* **Required action**: Please return every line of the records below that holds the word "ereal".

* **Records for this exercise**:

(* Let $(Y_0,Y_1,D,I_0)$ be observed, where $D\in\{0,1\}$ is a treatment received between a baseline period $0$ and a follow-up period $1$, and let $(Y_1(0),Y_1(1))$ be latent potential outcomes, with $$Y_0=Y_0(0),\qquad Y_1=Y_1(1)D+Y_1(0)(1-D).$$ Let $I_0$ take values in a baseline information set $\mathcal I_0$. Define $$\theta_{OLS}=\mathbb E[Y_1\mid D=1]-\mathbb E[Y_1\mid D=0],\qquad SB_1=\mathbb E[Y_1(0)\mid D=1]-\mathbb E[Y_1(0)\mid D=0],$$ and for $\iota_0\in\mathcal I_0$, $$SB_0(\iota_0)=\mathbb E[Y_0\mid D=1,I_0=\iota_0]-\mathbb E[Y_0\mid D=0,I_0=\iota_0].$$ Assume (bias set stability) that $$SB_1\in\Big[\inf_{\iota_0\in\mathcal I_0}SB_0(\iota_0),\ \sup_{\iota_0\in\mathcal I_0}SB_0(\iota_0)\Big].$$ Then the average treatment effect on the treated $ATT=\mathbb E[Y_1(1)-Y_1(0)\mid D=1]$ satisfies $$ATT\in\Big[\theta_{OLS}-\sup_{\iota_0\in\mathcal I_0}SB_0(\iota_0),\ \theta_{OLS}-\inf_{\iota_0\in\mathcal I_0}SB_0(\iota_0)\Big]\equiv\Theta_I .$$ Moreover these bounds are sharp: $\Theta_I$ is the identified set for $ATT$, i.e. every value in $\Theta_I$ is the ATT of some joint distribution of the latent and observed variables that is consistent with the distribution of the observed data, the model, and the bias set stability assumption.
   Context: All conditional expectations are assumed to exist. The information set $\mathcal I_0$ may consist, e.g., of pre-treatment periods, values of baseline covariates, or data sources; $SB_0(\iota_0)$ is the baseline-period "selection bias" associated with the piece of information $\iota_0$. *)

theory Defs
  imports "HOL-Probability.Probability"
begin

definition cexp :: "'a measure \<Rightarrow> ('a \<Rightarrow> real) \<Rightarrow> 'a set \<Rightarrow> real" where
  "cexp M X A = (\<integral>\<omega>. indicator A \<omega> * X \<omega> \<partial>M) / measure M A"

definition evD :: "'a measure \<Rightarrow> ('a \<Rightarrow> real) \<Rightarrow> real \<Rightarrow> 'a set" where
  "evD M D d = {\<omega> \<in> space M. D \<omega> = d}"

definition evDI :: "'a measure \<Rightarrow> ('a \<Rightarrow> real) \<Rightarrow> ('a \<Rightarrow> 'i) \<Rightarrow> real \<Rightarrow> 'i \<Rightarrow> 'a set" where
  "evDI M D I0 d \<iota> = {\<omega> \<in> space M. D \<omega> = d \<and> I0 \<omega> = \<iota>}"

definition theta_OLS :: "'a measure \<Rightarrow> ('a \<Rightarrow> real) \<Rightarrow> ('a \<Rightarrow> real) \<Rightarrow> real" where
  "theta_OLS M Y1 D = cexp M Y1 (evD M D 1) - cexp M Y1 (evD M D 0)"

definition SB1 :: "'a measure \<Rightarrow> ('a \<Rightarrow> real) \<Rightarrow> ('a \<Rightarrow> real) \<Rightarrow> real" where
  "SB1 M Y1_0 D = cexp M Y1_0 (evD M D 1) - cexp M Y1_0 (evD M D 0)"

definition SB0 :: "'a measure \<Rightarrow> ('a \<Rightarrow> real) \<Rightarrow> ('a \<Rightarrow> real) \<Rightarrow> ('a \<Rightarrow> 'i) \<Rightarrow> 'i \<Rightarrow> real" where
  "SB0 M Y0 D I0 \<iota> = cexp M Y0 (evDI M D I0 1 \<iota>) - cexp M Y0 (evDI M D I0 0 \<iota>)"

definition ATT :: "'a measure \<Rightarrow> ('a \<Rightarrow> real) \<Rightarrow> ('a \<Rightarrow> real) \<Rightarrow> ('a \<Rightarrow> real) \<Rightarrow> real" where
  "ATT M Y1_0 Y1_1 D = cexp M (\<lambda>\<omega>. Y1_1 \<omega> - Y1_0 \<omega>) (evD M D 1)"

text \<open>Bias set stability. Inf/Sup are taken in the extended reals, so that
  an unbounded SB0 is handled correctly.\<close>
definition BSS :: "'a measure \<Rightarrow> ('a \<Rightarrow> real) \<Rightarrow> ('a \<Rightarrow> real) \<Rightarrow> ('a \<Rightarrow> real) \<Rightarrow> ('a \<Rightarrow> 'i) \<Rightarrow> 'i set \<Rightarrow> bool" where
  "BSS M Y0 Y1_0 D I0 \<I>0 \<longleftrightarrow>
     (INF \<iota>\<in>\<I>0. ereal (SB0 M Y0 D I0 \<iota>)) \<le> ereal (SB1 M Y1_0 D) \<and>
     ereal (SB1 M Y1_0 D) \<le> (SUP \<iota>\<in>\<I>0. ereal (SB0 M Y0 D I0 \<iota>))"

definition Theta_I :: "'a measure \<Rightarrow> ('a \<Rightarrow> real) \<Rightarrow> ('a \<Rightarrow> real) \<Rightarrow> ('a \<Rightarrow> real) \<Rightarrow> ('a \<Rightarrow> 'i) \<Rightarrow> 'i set \<Rightarrow> real set" where
  "Theta_I M Y0 Y1 D I0 \<I>0 =
     {\<theta>. ereal (theta_OLS M Y1 D) - (SUP \<iota>\<in>\<I>0. ereal (SB0 M Y0 D I0 \<iota>)) \<le> ereal \<theta> \<and>
          ereal \<theta> \<le> ereal (theta_OLS M Y1 D) - (INF \<iota>\<in>\<I>0. ereal (SB0 M Y0 D I0 \<iota>))}"

text \<open>Y0 = Y0(0) is a mere naming convention.\<close>
definition did_model :: "'a measure \<Rightarrow> 'i measure \<Rightarrow> ('a \<Rightarrow> real) \<Rightarrow> ('a \<Rightarrow> real) \<Rightarrow> ('a \<Rightarrow> real)
     \<Rightarrow> ('a \<Rightarrow> 'i) \<Rightarrow> ('a \<Rightarrow> real) \<Rightarrow> ('a \<Rightarrow> real) \<Rightarrow> 'i set \<Rightarrow> bool" where
  "did_model M MI Y0 Y1 D I0 Y1_0 Y1_1 \<I>0 \<longleftrightarrow>
     prob_space M \<and>
     Y0 \<in> borel_measurable M \<and> Y1 \<in> borel_measurable M \<and> D \<in> borel_measurable M \<and>
     Y1_0 \<in> borel_measurable M \<and> Y1_1 \<in> borel_measurable M \<and> I0 \<in> measurable M MI \<and>
     (\<forall>\<iota>\<in>\<I>0. {\<iota>} \<in> sets MI) \<and>
     (AE \<omega> in M. D \<omega> \<in> {0, 1}) \<and>
     (AE \<omega> in M. I0 \<omega> \<in> \<I>0) \<and>
     (AE \<omega> in M. Y1 \<omega> = Y1_1 \<omega> * D \<omega> + Y1_0 \<omega> * (1 - D \<omega>)) \<and>
     measure M (evD M D 1) > 0 \<and> measure M (evD M D 0) > 0 \<and>
     (\<forall>\<iota>\<in>\<I>0. \<forall>d\<in>{0, 1}. measure M (evDI M D I0 d \<iota>) > 0) \<and>
     integrable M Y1 \<and> integrable M Y1_0 \<and>
     set_integrable M (evD M D 1) (\<lambda>\<omega>. Y1_1 \<omega>) \<and>
     (\<forall>\<iota>\<in>\<I>0. \<forall>d\<in>{0, 1}. set_integrable M (evDI M D I0 d \<iota>) (\<lambda>\<omega>. Y0 \<omega>))"

definition obs_space :: "'i measure \<Rightarrow> (real \<times> real \<times> real \<times> 'i) measure" where
  "obs_space MI = borel \<Otimes>\<^sub>M borel \<Otimes>\<^sub>M borel \<Otimes>\<^sub>M MI"

definition joint_space :: "'i measure \<Rightarrow> ((real \<times> real \<times> real \<times> 'i) \<times> (real \<times> real)) measure" where
  "joint_space MI = obs_space MI \<Otimes>\<^sub>M (borel \<Otimes>\<^sub>M borel)"

definition pY0 :: "(real \<times> real \<times> real \<times> 'i) \<times> (real \<times> real) \<Rightarrow> real" where
  "pY0 z = fst (fst z)"
definition pY1 :: "(real \<times> real \<times> real \<times> 'i) \<times> (real \<times> real) \<Rightarrow> real" where
  "pY1 z = fst (snd (fst z))"
definition pD :: "(real \<times> real \<times> real \<times> 'i) \<times> (real \<times> real) \<Rightarrow> real" where
  "pD z = fst (snd (snd (fst z)))"
definition pI0 :: "(real \<times> real \<times> real \<times> 'i) \<times> (real \<times> real) \<Rightarrow> 'i" where
  "pI0 z = snd (snd (snd (fst z)))"
definition pY1_0 :: "(real \<times> real \<times> real \<times> 'i) \<times> (real \<times> real) \<Rightarrow> real" where
  "pY1_0 z = fst (snd z)"
definition pY1_1 :: "(real \<times> real \<times> real \<times> 'i) \<times> (real \<times> real) \<Rightarrow> real" where
  "pY1_1 z = snd (snd z)"

end

theory Submission
  imports Defs
begin

text \<open>On the treated Y1 = Y1(1) and on the untreated Y1 = Y1(0), so ATT = theta_OLS - SB1 and bias
  set stability is literally the statement ATT \<in> Theta_I. For sharpness, note that the observed law
  does not constrain Y1(0) on the treated: replacing it there by a constant c (and taking
  Y1(1) = Y1) leaves the observed variables untouched and gives SB1 = c - E[Y1 | D = 0], which
  equals theta_OLS - \<theta> for a suitable c. The law of observed and latent variables on the
  canonical product space then has the same observed distribution and ATT = \<theta>.\<close>

lemma evD_sets [measurable]: "D \<in> borel_measurable M \<Longrightarrow> evD M D d \<in> sets M"
  unfolding evD_def by measurable

lemma evDI_sets [measurable]:
  "D \<in> borel_measurable M \<Longrightarrow> I0 \<in> measurable M MI \<Longrightarrow> {\<iota>} \<in> sets MI \<Longrightarrow> evDI M D I0 d \<iota> \<in> sets M"
proof -
  assume meas: "D \<in> borel_measurable M" "I0 \<in> measurable M MI" "{\<iota>} \<in> sets MI"
  have "evDI M D I0 d \<iota> = evD M D d \<inter> (I0 -` {\<iota>} \<inter> space M)"
    by (auto simp: evDI_def evD_def)
  then show ?thesis
    using meas by (simp add: sets.Int measurable_sets evD_sets)
qed

lemma cexp_cong_AE:
  assumes "A \<in> sets M" "X \<in> borel_measurable M" "Y \<in> borel_measurable M"
    and "AE \<omega> in M. \<omega> \<in> A \<longrightarrow> X \<omega> = Y \<omega>"
  shows "cexp M X A = cexp M Y A"
  unfolding cexp_def using assms
  by (subst integral_cong_AE[where g = "\<lambda>\<omega>. indicator A \<omega> * Y \<omega>"])
     (auto split: split_indicator elim!: AE_mp)

lemma cexp_diff:
  assumes "set_integrable M A X" "set_integrable M A Y"
  shows "cexp M (\<lambda>\<omega>. X \<omega> - Y \<omega>) A = cexp M X A - cexp M Y A"
  using Bochner_Integration.integral_diff[OF assms[unfolded set_integrable_def]]
  by (simp add: cexp_def right_diff_distrib diff_divide_distrib)

lemma cexp_const:
  assumes "A \<in> sets M" "measure M A \<noteq> 0"
  shows "cexp M (\<lambda>_. c) A = c"
  using assms sets.sets_into_space[OF assms(1)] by (simp add: cexp_def Int_absorb2)

lemma cexp_distr:
  assumes h: "h \<in> measurable M N" and [measurable]: "f \<in> borel_measurable N" "B \<in> sets N"
  shows "cexp (distr M N h) f B = cexp M (\<lambda>\<omega>. f (h \<omega>)) (h -` B \<inter> space M)"
proof -
  have "(\<integral>z. indicator B z * f z \<partial>distr M N h) = (\<integral>\<omega>. indicator B (h \<omega>) * f (h \<omega>) \<partial>M)"
    by (intro integral_distr[OF h]) measurable
  also have "\<dots> = (\<integral>\<omega>. indicator (h -` B \<inter> space M) \<omega> * f (h \<omega>) \<partial>M)"
    by (intro Bochner_Integration.integral_cong) (auto split: split_indicator)
  finally show ?thesis
    unfolding cexp_def using h by (simp add: measure_distr)
qed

* **Expected answer**:
     (INF \<iota>\<in>\<I>0. ereal (SB0 M Y0 D I0 \<iota>)) \<le> ereal (SB1 M Y1_0 D) \<and>
     ereal (SB1 M Y1_0 D) \<le> (SUP \<iota>\<in>\<I>0. ereal (SB0 M Y0 D I0 \<iota>))"
     {\<theta>. ereal (theta_OLS M Y1 D) - (SUP \<iota>\<in>\<I>0. ereal (SB0 M Y0 D I0 \<iota>)) \<le> ereal \<theta> \<and>
          ereal \<theta> \<le> ereal (theta_OLS M Y1 D) - (INF \<iota>\<in>\<I>0. ereal (SB0 M Y0 D I0 \<iota>))}"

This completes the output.